Skip to content

Reference utils

This file describes methods associated with dataset analysis and loading.

Analysis

compute_span(df, col_label='identity')

Compute the time span of the dataset.

The span is defined as the latest time minus the earliest time of image taken. The times are computed separately for each individual.

Parameters:

Name Type Description Default
df DataFrame

A full dataframe of the data.

required
col_label str

Column name containing individual animal names (labels).

'identity'

Returns:

Type Description
float

The span of the dataset in seconds.

display_statistics(df, unknown_name='', col_label='identity')

Prints statistics about the dataframe.

Parameters:

Name Type Description Default
df DataFrame

A full dataframe of the data.

required
unknown_name str

Name of the unknown class.

''
col_label str

Column name containing individual animal names (labels).

'identity'

Loading

get_dataframe_path(root_dataframe, class_dataset)

Creates path to the pickled dataframe.

Parameters:

Name Type Description Default
root_dataframe str

Path where all dataframes are stored.

required
class_dataset type

Type of WildlifeDataset.

required

Returns:

Type Description
str

Path to the dataframe.

get_dataset_folder(root_dataset, class_dataset)

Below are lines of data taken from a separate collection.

(* Let $0<p<1$, let $m$ be a median of $\vartheta(G(n,p))$ (i.e. $\Pr(\vartheta(G(n,p))\leq m)\geq1/2$ and $\Pr(\vartheta(G(n,p))\geq m)\geq1/2$), let $\vartheta_0>0$ be any number, and let $\xi\geq10$. Then $$\Pr\big(m+\xi\leq\vartheta(G(n,p))\leq\vartheta_0\big)\leq 2\exp(-\xi^2/(5\vartheta_0)).$$
   Context: $G(n,p)$ is the random graph on $\{1,\dots,n\}$ with each possible edge present independently with probability $p$. $\vartheta(G)$ is the Lovász number of $G$; equivalently, $\vartheta(G)$ is the maximum of $\sum_{i=1}^n c(v_i)$ over all tuples $(v_1,\dots,v_n)$ of vectors in some $\mathbb R^d$ with $v_i\perp v_j$ whenever $\{i,j\}$ is an edge of $G$, where $c(a)=a_1^2/\|a\|^2$ for $a\neq0$ and $c(0)=0$. *)

theory Defs
  imports "HOL-Analysis.Analysis" "HOL-Probability.Probability"
begin

text \<open>Graphs on vertex set {1..n} are represented by their edge indicator
  E :: nat set \<Rightarrow> bool on unordered pairs {i,j}.\<close>

definition pairs :: "nat \<Rightarrow> nat set set" where
  "pairs n = {{i, j} | i j. 1 \<le> i \<and> i < j \<and> j \<le> n}"

definition gnp :: "nat \<Rightarrow> real \<Rightarrow> (nat set \<Rightarrow> bool) pmf" where
  "gnp n p = Pi_pmf (pairs n) False (\<lambda>_. bernoulli_pmf p)"

text \<open>Vectors in R^d are represented as functions nat \<Rightarrow> real, using coordinates 0..<d;
  coordinate 0 is the "first" coordinate.\<close>
definition inner_d :: "nat \<Rightarrow> (nat \<Rightarrow> real) \<Rightarrow> (nat \<Rightarrow> real) \<Rightarrow> real" where
  "inner_d d a b = (\<Sum>k<d. a k * b k)"

definition cval :: "nat \<Rightarrow> (nat \<Rightarrow> real) \<Rightarrow> real" where
  "cval d a = (if inner_d d a a = 0 then 0 else (a 0)^2 / inner_d d a a)"

definition lovasz_theta :: "nat \<Rightarrow> (nat set \<Rightarrow> bool) \<Rightarrow> real" where
  "lovasz_theta n E = Sup {(\<Sum>i=1..n. cval d (v i)) | d v.
      d \<ge> 1 \<and> (\<forall>i j. 1 \<le> i \<and> i \<le> n \<and> 1 \<le> j \<and> j \<le> n \<and> i \<noteq> j \<and> E {i, j}
                 \<longrightarrow> inner_d d (v i) (v j) = 0)}"

end

theory Submission
  imports Defs
begin

(* Expose G(n,p) vertex by vertex: vertex k reveals its edges to the vertices j < k, so
   G(n,p) is the image of a product of n independent coordinates, and Talagrand's
   inequality P(A) * E exp (d(x,A)^2 / 4) <= 1 for the convex distance d applies. Let A be
   the set of exposures whose graph has theta <= m, so P(A) >= 1/2, and let x be the
   exposure of a graph G with m + xi <= theta(G) <= theta0. Take an almost optimal
   orthogonal representation v of G and weights c i = cval (v i) in [0,1]. For y in A,
   replacing v by 0 at the vertices where y differs from x gives an orthogonal
   representation of the graph of y, so these vertices carry c-weight at least about xi.
   By Cauchy-Schwarz this forces d(x,A)^2 >= (9/10 xi)^2 / sum (c i)^2, and
   sum (c i)^2 <= sum (c i) <= theta(G) <= theta0. *)

lemma exp_quarter_le: "exp (1/4 :: real) \<le> 4/3"
proof -
  have "3/4 \<le> exp (-1/4 :: real)"
    using exp_ge_add_one_self[of "-1/4 :: real"] by simp
  then show ?thesis
    by (simp add: exp_minus field_simps)
qed

lemma exp_neg_half_le: "exp (-1/2 :: real) \<le> 2/3"
proof -
  have "3/2 \<le> exp (1/2 :: real)"
    using exp_ge_add_one_self[of "1/2 :: real"] by simp
  then show ?thesis
    by (simp add: exp_minus field_simps)
qed

lemma exp_neg_add_exp_le_two:
  fixes t :: real
  assumes "t \<le> 0"
  shows "exp (-t - t^2) + exp t \<le> 2"
proof -
  let ?h = "\<lambda>t::real. exp (-t - t^2) + exp t"
  have "?h t \<le> ?h 0"
  proof (rule DERIV_nonneg_imp_nondecreasing[of t 0 ?h])
    fix x :: real
    have "1 + 2*x \<le> exp (2*x + x^2)"
      using exp_ge_add_one_self[of "2*x + x^2"] zero_le_power2[of x] by linarith
    then have "(1 + 2*x) * exp (-x - x^2) \<le> exp (2*x + x^2) * exp (-x - x^2)"
      by (intro mult_right_mono) auto
    also have "\<dots> = exp x"
      by (simp add: exp_add[symmetric])
    finally have "0 \<le> exp (-x - x^2) * (-1 - 2*x) + exp x"
      by (simp add: algebra_simps)
    moreover have "(?h has_real_derivative (exp (-x - x^2) * (-1 - 2*x) + exp x)) (at x)"
      by (auto intro!: derivative_eq_intros simp: power2_eq_square)
    ultimately show "\<exists>y. (?h has_real_derivative y) (at x) \<and> 0 \<le> y"
      by blast
  qed (use assms in auto)
  then show ?thesis
    by simp
qed

(* The weight used in Talagrand's induction step: l = 0 for r <= exp (-1/2),
   and l = 1 + 2 ln r otherwise. *)

lemma exists_talagrand_weight:
  fixes r :: real
  assumes "0 < r" "r \<le> 1"
  shows "\<exists>l. 0 \<le> l \<and> l \<le> 1 \<and> exp ((1 - l)^2 / 4) * r powr (-l) \<le> 2 - r"
proof (cases "r \<le> exp (-1/2)")
  case True
  then show ?thesis
    using assms exp_quarter_le exp_neg_half_le by (intro exI[of _ 0]) auto
next
  case False
  define t where "t = ln r"
  have r: "r = exp t" and "t \<le> 0"
    using assms by (auto simp: t_def)
  have "-1/2 < t"
    using False unfolding r by simp
  have "exp ((1 - (1 + 2*t))^2 / 4) * r powr (-(1 + 2*t)) = exp (-t - t^2)"
    unfolding r by (simp add: powr_def exp_add[symmetric] power2_eq_square algebra_simps)
  also have "\<dots> \<le> 2 - r"
    using exp_neg_add_exp_le_two[OF \<open>t \<le> 0\<close>] r by simp
  finally show ?thesis
    using \<open>-1/2 < t\<close> \<open>t \<le> 0\<close> by (intro exI[of _ "1 + 2*t"]) auto
qed

lemma square_convex_comb_le:
  fixes a b l :: real
  assumes "0 \<le> l" "l \<le> 1"
  shows "(l * a + (1 - l) * b)^2 \<le> l * a^2 + (1 - l) * b^2"
proof -
  have "l * a^2 + (1 - l) * b^2 - (l * a + (1 - l) * b)^2 = l * (1 - l) * (a - b)^2"
    by (simp add: power2_eq_square algebra_simps)
  then show ?thesis
    using assms by (smt (verit) mult_nonneg_nonneg zero_le_power2)
qed

lemma two_minus_div_div_le_inverse:
  fixes a b :: real
  assumes "0 < a" "0 < b"
  shows "(2 - a / b) / b \<le> 1 / a"
proof -
  have "a * (2 * b - a) \<le> b^2"
    using zero_le_power2[of "b - a"] by (simp add: power2_eq_square algebra_simps)
  then show ?thesis
    using assms by (simp add: field_simps power2_eq_square)
qed

lemma integrable_measure_pmf_bounded:
  fixes f :: "'a \<Rightarrow> real"
  assumes "\<And>x. \<bar>f x\<bar> \<le> C"
  shows "integrable (measure_pmf M) f"
  by (rule measure_pmf.integrable_const_bound[of _ C]) (use assms in auto)

lemma integral_bind_pmf_bounded:
  fixes f :: "'b \<Rightarrow> real"
  assumes "\<And>y. \<bar>f y\<bar> \<le> C"
  shows "(\<integral>y. f y \<partial>bind_pmf M N) = (\<integral>x. (\<integral>y. f y \<partial>N x) \<partial>M)"
  unfolding measure_pmf_bind
  by (rule integral_bind[where K = "count_space UNIV" and B = C and B' = 1])
     (use assms in \<open>auto simp: measure_pmf.emeasure_space_1 measure_pmf_in_subprob_algebra\<close>)

lemma integral_Pi_pmf_insert:
  fixes f :: "('i \<Rightarrow> 'a) \<Rightarrow> real"
  assumes "finite I" "i \<notin> I" "\<And>x. \<bar>f x\<bar> \<le> C"
  shows "(\<integral>x. f x \<partial>Pi_pmf (insert i I) d M)
           = (\<integral>w. (\<integral>x. f (x(i := w)) \<partial>Pi_pmf I d M) \<partial>M i)"
  using assms
  by (simp add: Pi_pmf_insert' integral_bind_pmf_bounded[where C = C])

Creates path to the dataset data.

Parameters:

Name Type Description Default
root_dataset str

Path where all datasets are stored.

required
class_dataset type

Type of WildlifeDataset.

required

Returns:

Type Description
str

Path to the stored data.

load_dataset(class_dataset, root_dataset, root_dataframe, overwrite=False, **kwargs)

Loads dataset from a pickled dataframe or creates it.

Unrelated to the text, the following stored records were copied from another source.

text \<open>The last clause makes \<open>E\<close> the inverse transform of \<open>\<Phi>\<close>: \<open>E d = inf\<^sub>x (\<langle>d, x\<rangle> - \<Phi> x)\<close>.\<close>

definition legendre_dual :: "'a::real_inner set \<Rightarrow> ('a \<Rightarrow> real) \<Rightarrow> ('a \<Rightarrow> real) \<Rightarrow> bool" where
  "legendre_dual D E \<Phi> \<longleftrightarrow>
     (\<forall>x. \<forall>d\<in>D. \<Phi> x \<le> inner d x - E d) \<and>
     (\<forall>x. \<exists>d\<in>D. \<Phi> x = inner d x - E d) \<and>
     (\<forall>d\<in>D. \<forall>\<epsilon>>0. \<exists>x. inner d x - E d - \<epsilon> < \<Phi> x)"

lemma legendre_dualI:
  assumes "\<And>x d. d \<in> D \<Longrightarrow> \<Phi> x \<le> inner d x - E d"
    and "\<And>x. \<exists>d\<in>D. \<Phi> x = inner d x - E d"
    and "\<And>d \<epsilon>. d \<in> D \<Longrightarrow> \<epsilon> > 0 \<Longrightarrow> \<exists>x. inner d x - E d - \<epsilon> < \<Phi> x"
  shows "legendre_dual D E \<Phi>"
  using assms unfolding legendre_dual_def by blast

lemma legendre_dualD:
  assumes "legendre_dual D E \<Phi>"
  shows legendre_dual_le: "d \<in> D \<Longrightarrow> \<Phi> x \<le> inner d x - E d"
    and legendre_dual_attained: "\<exists>d\<in>D. \<Phi> x = inner d x - E d"
    and legendre_dual_approx: "d \<in> D \<Longrightarrow> \<epsilon> > 0 \<Longrightarrow> \<exists>x. inner d x - E d - \<epsilon> < \<Phi> x"
  using assms unfolding legendre_dual_def by blast+

lemma legendre_dual_le_iff:
  assumes \<Phi>: "legendre_dual D E \<Phi>" and \<Psi>: "legendre_dual D E' \<Psi>"
  shows "(\<forall>x. \<Phi> x \<le> \<Psi> x) \<longleftrightarrow> (\<forall>d\<in>D. E' d \<le> E d)"
proof safe
  fix d assume le: "\<forall>x. \<Phi> x \<le> \<Psi> x" and d: "d \<in> D"
  show "E' d \<le> E d"
  proof (rule field_le_epsilon)
    fix \<epsilon> :: real assume "\<epsilon> > 0"
    then obtain x where "inner d x - E d - \<epsilon> < \<Phi> x"
      using legendre_dual_approx[OF \<Phi> d] by blast
    moreover have "\<Psi> x \<le> inner d x - E' d" using legendre_dual_le[OF \<Psi> d] .
    ultimately show "E' d \<le> E d + \<epsilon>" using le[rule_format, of x] by linarith
  qed
next
  fix x assume le: "\<forall>d\<in>D. E' d \<le> E d"
  obtain d where d: "d \<in> D" "\<Psi> x = inner d x - E' d"
    using legendre_dual_attained[OF \<Psi>] by blast
  show "\<Phi> x \<le> \<Psi> x" using legendre_dual_le[OF \<Phi> d(1), of x] le d by fastforce
qed

lemma legendre_dual_eq_iff:
  assumes "legendre_dual D E \<Phi>" and "legendre_dual D E' \<Psi>"
  shows "(\<forall>x. \<Phi> x = \<Psi> x) \<longleftrightarrow> (\<forall>d\<in>D. E d = E' d)"
proof -
  have "(\<forall>x. \<Phi> x = \<Psi> x) \<longleftrightarrow> (\<forall>x. \<Phi> x \<le> \<Psi> x) \<and> (\<forall>x. \<Psi> x \<le> \<Phi> x)"
    by (auto intro: order_antisym)
  also have "\<dots> \<longleftrightarrow> (\<forall>d\<in>D. E' d \<le> E d) \<and> (\<forall>d\<in>D. E d \<le> E' d)"
    using legendre_dual_le_iff[OF assms] legendre_dual_le_iff[OF assms(2,1)] by simp
  also have "\<dots> \<longleftrightarrow> (\<forall>d\<in>D. E d = E' d)"
    by (auto intro: order_antisym)
  finally show ?thesis .
qed

lemma legendre_dual_reparam:
  assumes D: "D = g ` P" and E: "\<And>u. u \<in> P \<Longrightarrow> E (g u) = F u"
    and "\<And>x u. u \<in> P \<Longrightarrow> \<Phi> x \<le> inner (g u) x - F u"
    and "\<And>x. \<exists>u\<in>P. \<Phi> x = inner (g u) x - F u"
    and "\<And>u \<epsilon>. u \<in> P \<Longrightarrow> \<epsilon> > 0 \<Longrightarrow> \<exists>x. inner (g u) x - F u - \<epsilon> < \<Phi> x"
  shows "legendre_dual D E \<Phi>"
  using assms(3-) unfolding D by (intro legendre_dualI) (auto simp: E)

lemma legendre_dual_Icc_mono:
  fixes \<Phi> :: "real \<Rightarrow> real"
  assumes "legendre_dual {0..1} E \<Phi>"
  shows "mono \<Phi>"
proof
  fix x y :: real assume "x \<le> y"
  obtain p where p: "p \<in> {0..1}" "\<Phi> y = p * y - E p"
    using legendre_dual_attained[OF assms, of y] by auto
  have "\<Phi> x \<le> p * x - E p" using legendre_dual_le[OF assms p(1)] by simp
  also have "\<dots> \<le> p * y - E p" using p \<open>x \<le> y\<close> by (simp add: mult_left_mono)
  finally show "\<Phi> x \<le> \<Phi> y" using p by simp
qed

If the dataframe is already saved in a pkl file, it loads it. Otherwise, it creates the dataframe and saves it in a pkl file.

Parameters:

Name Type Description Default
class_dataset type

Type of WildlifeDataset to load.

required
root_dataset str

Path where all datasets are stored.

required
root_dataframe str

Path where all dataframes are stored.

required
overwrite bool

Whether the pickled dataframe should be overwritten.

False

Returns:

Type Description
WildlifeDataset

The loaded dataset.

load_datasets(class_datasets, root_dataset, root_dataframe, **kwargs)

Loads multiple datasets as described in load_dataset.

Parameters:

Name Type Description Default
class_datasets List[type]

List of types of WildlifeDataset to download.

required
root_dataset str

Path where all datasets are stored.

required
root_dataframe str

Path where all dataframes are stored.

required

Returns:

Type Description
list[WildlifeDataset]

The list of loaded datasets.